▶ _WHAT IS REQUIRED_
Write each entry out again exactly as it was given.

(MATERIAL SUPPLIED Opens)

(* Consider REShare with parameter $\varepsilon^*>0$ run on a request sequence in which every request has infinite duration, so that the execution is divided into consecutive intervals $h=1,2,\ldots$, interval $h$ using parameter $\varepsilon_h=\varepsilon^*/2^{h-1}$ and handling the subsequence $\sigma_h$ of requests arriving in it. Then for every $k=1,2,\ldots$, $$\sum_{h=1}^k\phi(\mathrm{REShare},\sigma_h)\le(2+4\varepsilon_k)\sum_{h=1}^k\tilde\phi(\mathrm{SHA}(\varepsilon_h),\sigma_h).$$
   Context: Network: a layered graph of finitely many nodes (datacenters), $n$ in total; a node is at layer $\ell\ge0$ if its distance from the closest leaf is $\ell$. Every node can host arbitrarily many virtual machines (VMs). Each VM $b$ runs exactly one VNF $v$ from a finite set $\mathcal V$, has maximum computing capability $\bar\mu>0$ and allocated capability $\mu_b\le\bar\mu$. VNF $v$ has complexity $\theta_v\in(0,1]$. Requests: requests $r$ arrive online with a set $\mathcal V_r\subseteq\mathcal V$ of VNFs, duration $\tau_r$, load $\lambda_r\ge\lambda_{\min}=\inf_r\lambda_r>0$ ($\lambda_{\min}$ known), delay target $D_r$. For $v\in\mathcal V_r$, $(r,v)$ is a job. For a VM $b$ running $v$, $\Lambda(b)$ is the total load of its jobs; each job on $b$ experiences processing latency $1/(\mu_b-\theta_v\Lambda(b))$. Forwarding latency to layer $\ell$ is $d_\ell$, strictly increasing. The latency of $r$ is the maximum $d_\ell$ over layers hosting its jobs plus the sum of processing latencies. Fair delay allocation: $M_{r,v}=1/(\bar\mu-\theta_v\lambda_r)$; $\ell^*(r)$ is the highest layer $\ell$ with $d_\ell+\sum_{v}M_{r,v}\le D_r$; $D_r^v=\frac{M_{r,v}}{\sum_{u\in\mathcal V_r}M_{r,u}}(D_r-d_{\ell^*(r)})$. Feasible deployment of $r$: each job on a VM $b$ running $v$ with $\mu_b\le\bar\mu$ and $1/(\mu_b-\theta_v\Lambda(b))\le D_r^v$, and latency of $r$ at most $D_r$. Cost: a VM at a node of layer $\ell$ hosting at least one job costs $\kappa_f^\ell+\kappa_p^\ell\mu_b$, with $\kappa_f^\ell,\kappa_p^\ell$ strictly decreasing in $\ell$; $\kappa^\ell=\kappa_f^\ell+\kappa_p^\ell\bar\mu$. Latency ranges for $\varepsilon>0$: $L_0=[\frac{1}{\bar\mu-\lambda_{\min}},\frac{1}{\bar\mu-\lambda_{\min}(1+\varepsilon)}]$, $L_j=(\frac{1}{\bar\mu-\lambda_{\min}(1+\varepsilon)^j},\frac{1}{\bar\mu-\lambda_{\min}(1+\varepsilon)^{j+1}}]$, $j\ge1$; job $(r,v)$ is associated with $L_j$ if $D_r^v\in L_j$. c-REShare$(\varepsilon)$: on arrival of $r$, choose a node $i^*$ at layer $\ell^*(r)$; for each $v\in\mathcal V_r$ with $D_r^v\in L_j$, a VM in $i^*$ running $v$ and hosting jobs of $L_j$ is viable if running it at speed $\bar\mu$ with the added load $\lambda_r$ gives latency $\frac{1}{\bar\mu-\theta_v(\Lambda(b)+\lambda_r)}$ at most the fair delay allocation of $(r,v)$ and of every job already on it; place $(r,v)$ on the viable VM with largest $\Lambda(b)$ (capability set to $\theta_v\Lambda(b)+1/\min_{(r',v)\in b}D^v_{r'}$, including the new job), or on a new VM with capability $\theta_v\lambda_r+1/D_r^v$ if none is viable. SHA$(\varepsilon)$: each job associated with $L_j$ is replaced by a top job with the same load and delay constraint $D_j=\frac{1}{\bar\mu-\lambda_{\min}(1+\varepsilon)^{j+1}}$; SHA$(\varepsilon)$ is the minimum-cost placement of top jobs in which each job of $r$ is in a single node at a layer where deploying $r$ is feasible, a job's load may be split fractionally among VMs running $v$ in that node, jobs of different ranges never share a VM, and each top job meets its relaxed constraint. $\tilde\phi(\mathrm{SHA}(\varepsilon),\sigma)$ denotes the total cost of only the full VMs (running at capability $\bar\mu$) used by SHA$(\varepsilon)$ on input $\sigma$. REShare (parameter $\varepsilon^*>0$; $\log$ is natural logarithm): let $Z=[(2n+2)(1+\varepsilon^* )+1]\log(\bar\mu/\lambda_{\min})\,|\mathcal V|\sum_i\kappa^{\ell(i)}$, sum over all nodes $i$, $\ell(i)$ the layer of $i$. Initialize $q=1$, $h(1)=1$, $\varepsilon_1=\varepsilon^*$, $T_1=0$. For each arrival/departure of a request $r$: handle $r$ with c-REShare$(\varepsilon_{h(q)})$, using the latency ranges of $\varepsilon_{h(q)}$ (so jobs handled in different intervals never share VMs), and update a simulated SHA$(\varepsilon_{h(q)})$ run on the subsequence $\sigma_q$ of requests handled in the current interval $q$; let $Y_q^r=\tilde\phi(\mathrm{SHA}(\varepsilon_{h(q)}),\sigma_q^r)$ where $\sigma_q^r$ is $\sigma_q$ up to and including $r$. With $C_q=\frac{Z}{\varepsilon_{h(q)}\log(1+\varepsilon_{h(q)})}$ and $S_q=\frac{1}{\varepsilon_{h(q)}}\sum_{p=1}^{h(q)-1}(2+3\varepsilon_{p})\tilde Y_p$: if $Y_q^r\ge\max\{C_q,S_q\}$, set $\varepsilon_{h(q)+1}=\varepsilon_{h(q)}/2$, $T_{h(q)+1}=\Lambda$ (the current total system load), $\tilde Y_{h(q)}=Y_q^r$, $h(q+1)=h(q)+1$, $q\gets q+1$; else if $\Lambda<T_{h(q)}$, set $h(q+1)=h(q)-1$ and $q\gets q+1$. With infinite durations no departures occur, so $h(q)=q$. $\phi(\mathrm{REShare},\sigma_h)$ is the cost of the VMs used by REShare for the requests of interval $h$. *)

theory Defs
  imports Complex_Main
begin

(MATERIAL SUPPLIED Closes)

▶ _OUTPUT OF THE TASK_
(* Consider REShare with parameter $\varepsilon^*>0$ run on a request sequence in which every request has infinite duration, so that the execution is divided into consecutive intervals $h=1,2,\ldots$, interval $h$ using parameter $\varepsilon_h=\varepsilon^*/2^{h-1}$ and handling the subsequence $\sigma_h$ of requests arriving in it. Then for every $k=1,2,\ldots$, $$\sum_{h=1}^k\phi(\mathrm{REShare},\sigma_h)\le(2+4\varepsilon_k)\sum_{h=1}^k\tilde\phi(\mathrm{SHA}(\varepsilon_h),\sigma_h).$$
   Context: Network: a layered graph of finitely many nodes (datacenters), $n$ in total; a node is at layer $\ell\ge0$ if its distance from the closest leaf is $\ell$. Every node can host arbitrarily many virtual machines (VMs). Each VM $b$ runs exactly one VNF $v$ from a finite set $\mathcal V$, has maximum computing capability $\bar\mu>0$ and allocated capability $\mu_b\le\bar\mu$. VNF $v$ has complexity $\theta_v\in(0,1]$. Requests: requests $r$ arrive online with a set $\mathcal V_r\subseteq\mathcal V$ of VNFs, duration $\tau_r$, load $\lambda_r\ge\lambda_{\min}=\inf_r\lambda_r>0$ ($\lambda_{\min}$ known), delay target $D_r$. For $v\in\mathcal V_r$, $(r,v)$ is a job. For a VM $b$ running $v$, $\Lambda(b)$ is the total load of its jobs; each job on $b$ experiences processing latency $1/(\mu_b-\theta_v\Lambda(b))$. Forwarding latency to layer $\ell$ is $d_\ell$, strictly increasing. The latency of $r$ is the maximum $d_\ell$ over layers hosting its jobs plus the sum of processing latencies. Fair delay allocation: $M_{r,v}=1/(\bar\mu-\theta_v\lambda_r)$; $\ell^*(r)$ is the highest layer $\ell$ with $d_\ell+\sum_{v}M_{r,v}\le D_r$; $D_r^v=\frac{M_{r,v}}{\sum_{u\in\mathcal V_r}M_{r,u}}(D_r-d_{\ell^*(r)})$. Feasible deployment of $r$: each job on a VM $b$ running $v$ with $\mu_b\le\bar\mu$ and $1/(\mu_b-\theta_v\Lambda(b))\le D_r^v$, and latency of $r$ at most $D_r$. Cost: a VM at a node of layer $\ell$ hosting at least one job costs $\kappa_f^\ell+\kappa_p^\ell\mu_b$, with $\kappa_f^\ell,\kappa_p^\ell$ strictly decreasing in $\ell$; $\kappa^\ell=\kappa_f^\ell+\kappa_p^\ell\bar\mu$. Latency ranges for $\varepsilon>0$: $L_0=[\frac{1}{\bar\mu-\lambda_{\min}},\frac{1}{\bar\mu-\lambda_{\min}(1+\varepsilon)}]$, $L_j=(\frac{1}{\bar\mu-\lambda_{\min}(1+\varepsilon)^j},\frac{1}{\bar\mu-\lambda_{\min}(1+\varepsilon)^{j+1}}]$, $j\ge1$; job $(r,v)$ is associated with $L_j$ if $D_r^v\in L_j$. c-REShare$(\varepsilon)$: on arrival of $r$, choose a node $i^*$ at layer $\ell^*(r)$; for each $v\in\mathcal V_r$ with $D_r^v\in L_j$, a VM in $i^*$ running $v$ and hosting jobs of $L_j$ is viable if running it at speed $\bar\mu$ with the added load $\lambda_r$ gives latency $\frac{1}{\bar\mu-\theta_v(\Lambda(b)+\lambda_r)}$ at most the fair delay allocation of $(r,v)$ and of every job already on it; place $(r,v)$ on the viable VM with largest $\Lambda(b)$ (capability set to $\theta_v\Lambda(b)+1/\min_{(r',v)\in b}D^v_{r'}$, including the new job), or on a new VM with capability $\theta_v\lambda_r+1/D_r^v$ if none is viable. SHA$(\varepsilon)$: each job associated with $L_j$ is replaced by a top job with the same load and delay constraint $D_j=\frac{1}{\bar\mu-\lambda_{\min}(1+\varepsilon)^{j+1}}$; SHA$(\varepsilon)$ is the minimum-cost placement of top jobs in which each job of $r$ is in a single node at a layer where deploying $r$ is feasible, a job's load may be split fractionally among VMs running $v$ in that node, jobs of different ranges never share a VM, and each top job meets its relaxed constraint. $\tilde\phi(\mathrm{SHA}(\varepsilon),\sigma)$ denotes the total cost of only the full VMs (running at capability $\bar\mu$) used by SHA$(\varepsilon)$ on input $\sigma$. REShare (parameter $\varepsilon^*>0$; $\log$ is natural logarithm): let $Z=[(2n+2)(1+\varepsilon^* )+1]\log(\bar\mu/\lambda_{\min})\,|\mathcal V|\sum_i\kappa^{\ell(i)}$, sum over all nodes $i$, $\ell(i)$ the layer of $i$. Initialize $q=1$, $h(1)=1$, $\varepsilon_1=\varepsilon^*$, $T_1=0$. For each arrival/departure of a request $r$: handle $r$ with c-REShare$(\varepsilon_{h(q)})$, using the latency ranges of $\varepsilon_{h(q)}$ (so jobs handled in different intervals never share VMs), and update a simulated SHA$(\varepsilon_{h(q)})$ run on the subsequence $\sigma_q$ of requests handled in the current interval $q$; let $Y_q^r=\tilde\phi(\mathrm{SHA}(\varepsilon_{h(q)}),\sigma_q^r)$ where $\sigma_q^r$ is $\sigma_q$ up to and including $r$. With $C_q=\frac{Z}{\varepsilon_{h(q)}\log(1+\varepsilon_{h(q)})}$ and $S_q=\frac{1}{\varepsilon_{h(q)}}\sum_{p=1}^{h(q)-1}(2+3\varepsilon_{p})\tilde Y_p$: if $Y_q^r\ge\max\{C_q,S_q\}$, set $\varepsilon_{h(q)+1}=\varepsilon_{h(q)}/2$, $T_{h(q)+1}=\Lambda$ (the current total system load), $\tilde Y_{h(q)}=Y_q^r$, $h(q+1)=h(q)+1$, $q\gets q+1$; else if $\Lambda<T_{h(q)}$, set $h(q+1)=h(q)-1$ and $q\gets q+1$. With infinite durations no departures occur, so $h(q)=q$. $\phi(\mathrm{REShare},\sigma_h)$ is the cost of the VMs used by REShare for the requests of interval $h$. *)

theory Defs
  imports Complex_Main
begin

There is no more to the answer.